- **Records to process**
lemma tendsto_Taylor_points:
  fixes h :: "real \<Rightarrow> real" and P Q :: "'a \<Rightarrow> real"
  assumes diff: "\<forall>x\<in>ball v r. h differentiable (at x) \<and> deriv h differentiable (at x)"
    and P: "(P \<longlongrightarrow> v) F" and Q: "(Q \<longlongrightarrow> v) F" and "r > 0"
  obtains \<eta> s t where "(\<eta> \<longlongrightarrow> v) F" "(s \<longlongrightarrow> v) F" "(t \<longlongrightarrow> v) F"
    "\<forall>\<^sub>F x in F. h (P x) - h (Q x) = deriv h (\<eta> x) * (P x - Q x) \<and>
       h ((P x + Q x) / 2) - (h (P x) + h (Q x)) / 2
         = - (deriv (deriv h) (s x) + deriv (deriv h) (t x)) * (P x - Q x)^2 / 16"
proof -
  define near where "near x \<longleftrightarrow> P x \<in> ball v r \<and> Q x \<in> ball v r" for x
  define good where "good x e a b \<longleftrightarrow>
      e \<in> closed_segment (P x) (Q x) \<and> a \<in> closed_segment (P x) (Q x) \<and>
      b \<in> closed_segment (P x) (Q x) \<and> h (P x) - h (Q x) = deriv h e * (P x - Q x) \<and>
      h ((P x + Q x) / 2) - (h (P x) + h (Q x)) / 2
        = - (deriv (deriv h) a + deriv (deriv h) b) * (P x - Q x)^2 / 16" for x e a b
  have "\<exists>e a b. near x \<longrightarrow> good x e a b" for x
  proof (cases "near x")
    case True
    then have "closed_segment (P x) (Q x) \<subseteq> ball v r"
      unfolding near_def by (intro closed_segment_subset) auto
    with diff have "\<forall>y\<in>closed_segment (P x) (Q x).
        h differentiable (at y) \<and> deriv h differentiable (at y)"
      by blast
    then obtain e a b where "good x e a b"
      unfolding good_def by (rule Taylor_mean_value_midpoint) blast
    then show ?thesis by blast
  qed simp
  then obtain \<eta> s t where pts: "\<And>x. near x \<Longrightarrow> good x (\<eta> x) (s x) (t x)"
    by metis
  have "\<forall>\<^sub>F x in F. near x"
    using tendstoD[OF P \<open>r > 0\<close>] tendstoD[OF Q \<open>r > 0\<close>]
    by eventually_elim (simp add: near_def dist_commute)
  then have ev: "\<forall>\<^sub>F x in F. good x (\<eta> x) (s x) (t x)"
    by (rule eventually_mono) (rule pts)
  show thesis
  proof (rule that)
    show "(\<eta> \<longlongrightarrow> v) F" "(s \<longlongrightarrow> v) F" "(t \<longlongrightarrow> v) F"
      using ev by (auto intro!: tendsto_closed_segment_squeeze[OF P Q]
          elim!: eventually_mono simp only: good_def)
  qed (use ev in \<open>auto elim!: eventually_mono simp only: good_def\<close>)
qed

lemma quadratic_form_nonneg:
  fixes p1 p2 r1 r2 d1 d2 :: real
  assumes pos: "p1^2 + r1 > 0" and det: "(p1 * p2)^2 < (p1^2 + r1) * (p2^2 + r2)"
  shows "0 \<le> (p1 * d1 + p2 * d2)^2 + r1 * d1^2 + r2 * d2^2"
proof -
  let ?a = "p1^2 + r1"
  have "?a * ((p1 * d1 + p2 * d2)^2 + r1 * d1^2 + r2 * d2^2)
      = (?a * d1 + p1 * p2 * d2)^2 + (?a * (p2^2 + r2) - (p1 * p2)^2) * d2^2"
    by (simp add: algebra_simps power2_eq_square)
  also have "\<dots> \<ge> 0"
    using det by (intro add_nonneg_nonneg) auto
  finally show ?thesis
    using pos by (simp add: zero_le_mult_iff)
qed

lemma one_third_le_half_sum_squares:
  fixes y1 y2 y3 :: real
  assumes "2 * y3 - y1 - y2 \<le> 3/4 * (y1 - y2)^2"
  shows "1/3 \<le> 1/2 * (y1^2 + y2^2 + (y3 - 1)^2)"
proof -
  define m where "m = (y1 + y2) / 2"
  define e where "e = (y1 - y2) / 2"
  define d where "d = y3 - m"
  have "3 * (y1^2 + y2^2 + (y3 - 1)^2) - 2 = (3 * m + d - 1)^2 + 2 * d^2 + 2 * (3 * e^2 - 2 * d)"
    by (simp add: m_def e_def d_def field_simps power2_eq_square)
  moreover have "2 * d \<le> 3 * e^2"
    using assms by (simp add: m_def e_def d_def power2_eq_square field_simps)
  ultimately have "0 \<le> 3 * (y1^2 + y2^2 + (y3 - 1)^2) - 2"
    by simp
  then show ?thesis
    by simp
qed

lemma tendsto_neuron_Taylor_coefficients:
  fixes h :: "real \<Rightarrow> real" and P Q w :: "'a \<Rightarrow> real"
  assumes diff: "\<forall>x\<in>ball v r. h differentiable (at x) \<and> deriv h differentiable (at x)" "r > 0"
    and cont: "isCont (deriv (deriv h)) v"
    and P: "(P \<longlongrightarrow> v) F" and Q: "(Q \<longlongrightarrow> v) F" and w: "(w \<longlongrightarrow> u) F"
  obtains p q where "(p \<longlongrightarrow> u * deriv h v) F" "(q \<longlongrightarrow> u * deriv (deriv h) v / 3) F"
    "\<forall>\<^sub>F x in F. w x * (h (P x) - h (Q x)) = p x * (P x - Q x) \<and>
       w x * (h ((P x + Q x) / 2) - (h (P x) + h (Q x)) / 2) = - 3/8 * q x * (P x - Q x)^2"
proof -
  obtain \<eta> s t where \<eta>: "(\<eta> \<longlongrightarrow> v) F" and s: "(s \<longlongrightarrow> v) F" and t: "(t \<longlongrightarrow> v) F"
    and ev: "\<forall>\<^sub>F x in F. h (P x) - h (Q x) = deriv h (\<eta> x) * (P x - Q x) \<and>
       h ((P x + Q x) / 2) - (h (P x) + h (Q x)) / 2
         = - (deriv (deriv h) (s x) + deriv (deriv h) (t x)) * (P x - Q x)^2 / 16"
    using tendsto_Taylor_points[OF diff(1) P Q diff(2)] by blast
  have "isCont (deriv h) v"
    using diff by (auto intro: differentiable_imp_continuous_within)
  show thesis
  proof (rule that)
    show "((\<lambda>x. w x * deriv h (\<eta> x)) \<longlongrightarrow> u * deriv h v) F"
      by (intro tendsto_mult w isCont_tendsto_compose[OF \<open>isCont (deriv h) v\<close> \<eta>])
    have "((\<lambda>x. w x * (deriv (deriv h) (s x) + deriv (deriv h) (t x)) / 6)
        \<longlongrightarrow> u * (deriv (deriv h) v + deriv (deriv h) v) / 6) F"
      by (intro tendsto_intros w isCont_tendsto_compose[OF cont s] isCont_tendsto_compose[OF cont t]) simp
    then show "((\<lambda>x. w x * (deriv (deriv h) (s x) + deriv (deriv h) (t x)) / 6)
        \<longlongrightarrow> u * deriv (deriv h) v / 3) F"
      by simp
    show "\<forall>\<^sub>F x in F. w x * (h (P x) - h (Q x)) = w x * deriv h (\<eta> x) * (P x - Q x) \<and>
       w x * (h ((P x + Q x) / 2) - (h (P x) + h (Q x)) / 2)
         = - 3/8 * (w x * (deriv (deriv h) (s x) + deriv (deriv h) (t x)) / 6) * (P x - Q x)^2"
      using ev
    proof eventually_elim
      case (elim x)
      then have mv: "w x * (h (P x) - h (Q x)) = w x * deriv h (\<eta> x) * (P x - Q x)"
        and mid: "w x * (h ((P x + Q x) / 2) - (h (P x) + h (Q x)) / 2)
          = w x * (- (deriv (deriv h) (s x) + deriv (deriv h) (t x)) * (P x - Q x)^2 / 16)"
        by simp_all
      show ?case
        by (intro conjI mv) (subst mid, simp add: field_simps)
    qed
  qed
qed

lemma eventually_one_third_le_two_neuron_risk:
  fixes h :: "real \<Rightarrow> real" and P1 Q1 P2 Q2 w1 w2 :: "'a \<Rightarrow> real"
  assumes diff1: "\<forall>x\<in>ball v1 r1. h differentiable (at x) \<and> deriv h differentiable (at x)" "r1 > 0"
    and diff2: "\<forall>x\<in>ball v2 r2. h differentiable (at x) \<and> deriv h differentiable (at x)" "r2 > 0"
    and cont: "isCont (deriv (deriv h)) v1" "isCont (deriv (deriv h)) v2"
    and lim1: "(P1 \<longlongrightarrow> v1) F" "(Q1 \<longlongrightarrow> v1) F" "(w1 \<longlongrightarrow> u1) F"
    and lim2: "(P2 \<longlongrightarrow> v2) F" "(Q2 \<longlongrightarrow> v2) F" "(w2 \<longlongrightarrow> u2) F"
    and pos: "(u1 * deriv h v1)^2 + u1 * deriv (deriv h) v1 / 3 > 0"
    and det: "(u1 * deriv h v1 * (u2 * deriv h v2))^2 <
          ((u1 * deriv h v1)^2 + u1 * deriv (deriv h) v1 / 3) *
          ((u2 * deriv h v2)^2 + u2 * deriv (deriv h) v2 / 3)"
  shows "\<forall>\<^sub>F x in F. \<forall>b. 1/3 \<le> 1/2 * (
      (w1 x * h (P1 x) + w2 x * h (P2 x) + b)^2 + (w1 x * h (Q1 x) + w2 x * h (Q2 x) + b)^2 +
      (w1 x * h ((P1 x + Q1 x) / 2) + w2 x * h ((P2 x + Q2 x) / 2) + b - 1)^2)"
proof -
  obtain p1 q1 where p1: "(p1 \<longlongrightarrow> u1 * deriv h v1) F" and q1: "(q1 \<longlongrightarrow> u1 * deriv (deriv h) v1 / 3) F"
    and ev1: "\<forall>\<^sub>F x in F. w1 x * (h (P1 x) - h (Q1 x)) = p1 x * (P1 x - Q1 x) \<and>
       w1 x * (h ((P1 x + Q1 x) / 2) - (h (P1 x) + h (Q1 x)) / 2) = - 3/8 * q1 x * (P1 x - Q1 x)^2"
    using tendsto_neuron_Taylor_coefficients[OF diff1 cont(1) lim1] by blast
  obtain p2 q2 where p2: "(p2 \<longlongrightarrow> u2 * deriv h v2) F" and q2: "(q2 \<longlongrightarrow> u2 * deriv (deriv h) v2 / 3) F"
    and ev2: "\<forall>\<^sub>F x in F. w2 x * (h (P2 x) - h (Q2 x)) = p2 x * (P2 x - Q2 x) \<and>
       w2 x * (h ((P2 x + Q2 x) / 2) - (h (P2 x) + h (Q2 x)) / 2) = - 3/8 * q2 x * (P2 x - Q2 x)^2"
    using tendsto_neuron_Taylor_coefficients[OF diff2 cont(2) lim2] by blast
  have "\<forall>\<^sub>F x in F. (p1 x)^2 + q1 x > 0"
    using pos by (intro order_tendstoD(1)[OF tendsto_add[OF tendsto_power[OF p1] q1]])
  moreover have "\<forall>\<^sub>F x in F. (p1 x * p2 x)^2 < ((p1 x)^2 + q1 x) * ((p2 x)^2 + q2 x)"
  proof -
    have "\<forall>\<^sub>F x in F. 0 < ((p1 x)^2 + q1 x) * ((p2 x)^2 + q2 x) - (p1 x * p2 x)^2"
    proof (rule order_tendstoD(1))
      show "((\<lambda>x. ((p1 x)^2 + q1 x) * ((p2 x)^2 + q2 x) - (p1 x * p2 x)^2) \<longlongrightarrow>
         ((u1 * deriv h v1)^2 + u1 * deriv (deriv h) v1 / 3) *
         ((u2 * deriv h v2)^2 + u2 * deriv (deriv h) v2 / 3) - (u1 * deriv h v1 * (u2 * deriv h v2))^2) F"
        by (intro tendsto_intros p1 p2 q1 q2)
    qed (use det in simp)
    then show ?thesis by simp
  qed
  ultimately show ?thesis
    using ev1 ev2
  proof eventually_elim
    case (elim x)
    let ?d1 = "P1 x - Q1 x" and ?d2 = "P2 x - Q2 x"
    have form: "0 \<le> (p1 x * ?d1 + p2 x * ?d2)^2 + q1 x * ?d1^2 + q2 x * ?d2^2"
      using elim by (intro quadratic_form_nonneg) auto
    show ?case
    proof
      fix b
      define y1 where "y1 = w1 x * h (P1 x) + w2 x * h (P2 x) + b"
      define y2 where "y2 = w1 x * h (Q1 x) + w2 x * h (Q2 x) + b"
      define y3 where "y3 = w1 x * h ((P1 x + Q1 x) / 2) + w2 x * h ((P2 x + Q2 x) / 2) + b"
      have diff: "y1 - y2 = p1 x * ?d1 + p2 x * ?d2"
        using elim by (simp add: y1_def y2_def algebra_simps)
      have defect: "2 * y3 - y1 - y2 = - 3/4 * (q1 x * ?d1^2 + q2 x * ?d2^2)"
        using elim by (simp add: y1_def y2_def y3_def field_simps)
      have "2 * y3 - y1 - y2 \<le> 3/4 * (y1 - y2)^2"
        unfolding diff defect using form by (simp add: algebra_simps)
      then show "1/3 \<le> 1/2 * (y1^2 + y2^2 + (y3 - 1)^2)"
        by (rule one_third_le_half_sum_squares)
    qed
  qed
qed

lemma risk_eq:
  "risk h (W1, b1, W2, b2) = 1/2 * (
     (W2$1$1 * h (W1$1$1 + b1$1) + W2$1$2 * h (W1$2$1 + b1$2) + b2$1)^2 +
     (W2$1$1 * h (W1$1$2 + b1$1) + W2$1$2 * h (W1$2$2 + b1$2) + b2$1)^2 +
     (W2$1$1 * h ((W1$1$1 + b1$1 + (W1$1$2 + b1$1)) / 2) +
      W2$1$2 * h ((W1$2$1 + b1$2 + (W1$2$2 + b1$2)) / 2) + b2$1 - 1)^2)"
  unfolding risk_def frob_sq_def net_out_def matrix_matrix_mult_def Xd_def Yd_def
  by (simp add: sum_2 sum_3 field_simps)

lemma lsq_risk_eq:
  "lsq_risk R = 1/2 * ((R$1$1 + R$1$3)^2 + (R$1$2 + R$1$3)^2 + ((R$1$1 + R$1$2) / 2 + R$1$3 - 1)^2)"
  unfolding lsq_risk_def frob_sq_def matrix_matrix_mult_def Xt_def Yd_def
  by (simp add: sum_2 sum_3 field_simps)

lemma is_lsq_constant_one_third: "is_lsq (\<chi> i j. if j = 3 then 1/3 else 0)"
  unfolding is_lsq_def
proof
  fix R :: "real^3^1"
  have "1/3 \<le> lsq_risk R"
    unfolding lsq_risk_eq
    by (rule one_third_le_half_sum_squares) (simp add: algebra_simps)
  moreover have "lsq_risk (\<chi> i j. if j = 3 then 1/3 else 0) = 1/3"
    unfolding lsq_risk_eq by (simp add: power2_eq_square)
  ultimately show "lsq_risk (\<chi> i j. if j = 3 then 1/3 else 0) \<le> lsq_risk R"
    by simp
qed

lemma risk_zero_if_interpolating:
  fixes h :: "real \<Rightarrow> real"
  assumes "h v1 * h v4 = h v2 * h v3"
    and "h v1 * h ((v3 + v4) / 2) \<noteq> h v3 * h ((v1 + v2) / 2)"
  shows "\<exists>p. risk h p = 0"
proof -
  define K where "K = h v3 * h ((v1 + v2) / 2) - h v1 * h ((v3 + v4) / 2)"
  have "K \<noteq> 0"
    using assms(2) by (simp add: K_def)
  define W1 :: "real^2^2" where
    "W1 = (\<chi> i j. if i = 1 then (if j = 1 then v1 else v2) else (if j = 1 then v3 else v4))"
  define W2 :: "real^2^1" where "W2 = (\<chi> i j. if j = 1 then h v3 / K else - h v1 / K)"
  have "h v3 / K * h v2 - h v1 / K * h v4 = 0"
    using assms(1) by (simp add: field_simps)
  moreover have "h v3 / K * h ((v1 + v2) / 2) - h v1 / K * h ((v3 + v4) / 2) = 1"
    using \<open>K \<noteq> 0\<close> unfolding K_def by (simp add: diff_divide_distrib[symmetric])
  ultimately have "risk h (W1, 0, W2, 0) = 0"
    unfolding risk_eq W1_def W2_def by (simp add: field_simps)
  then show ?thesis
    by blast
qed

- **What you are asked to do**
Exact copies of the line with "v3 / K * h ((v1" and of every later line in the entries make up the whole answer.

- **Solution for this exercise**
  moreover have "h v3 / K * h ((v1 + v2) / 2) - h v1 / K * h ((v3 + v4) / 2) = 1"
    using \<open>K \<noteq> 0\<close> unfolding K_def by (simp add: diff_divide_distrib[symmetric])
  ultimately have "risk h (W1, 0, W2, 0) = 0"
    unfolding risk_eq W1_def W2_def by (simp add: field_simps)
  then show ?thesis
    by blast
qed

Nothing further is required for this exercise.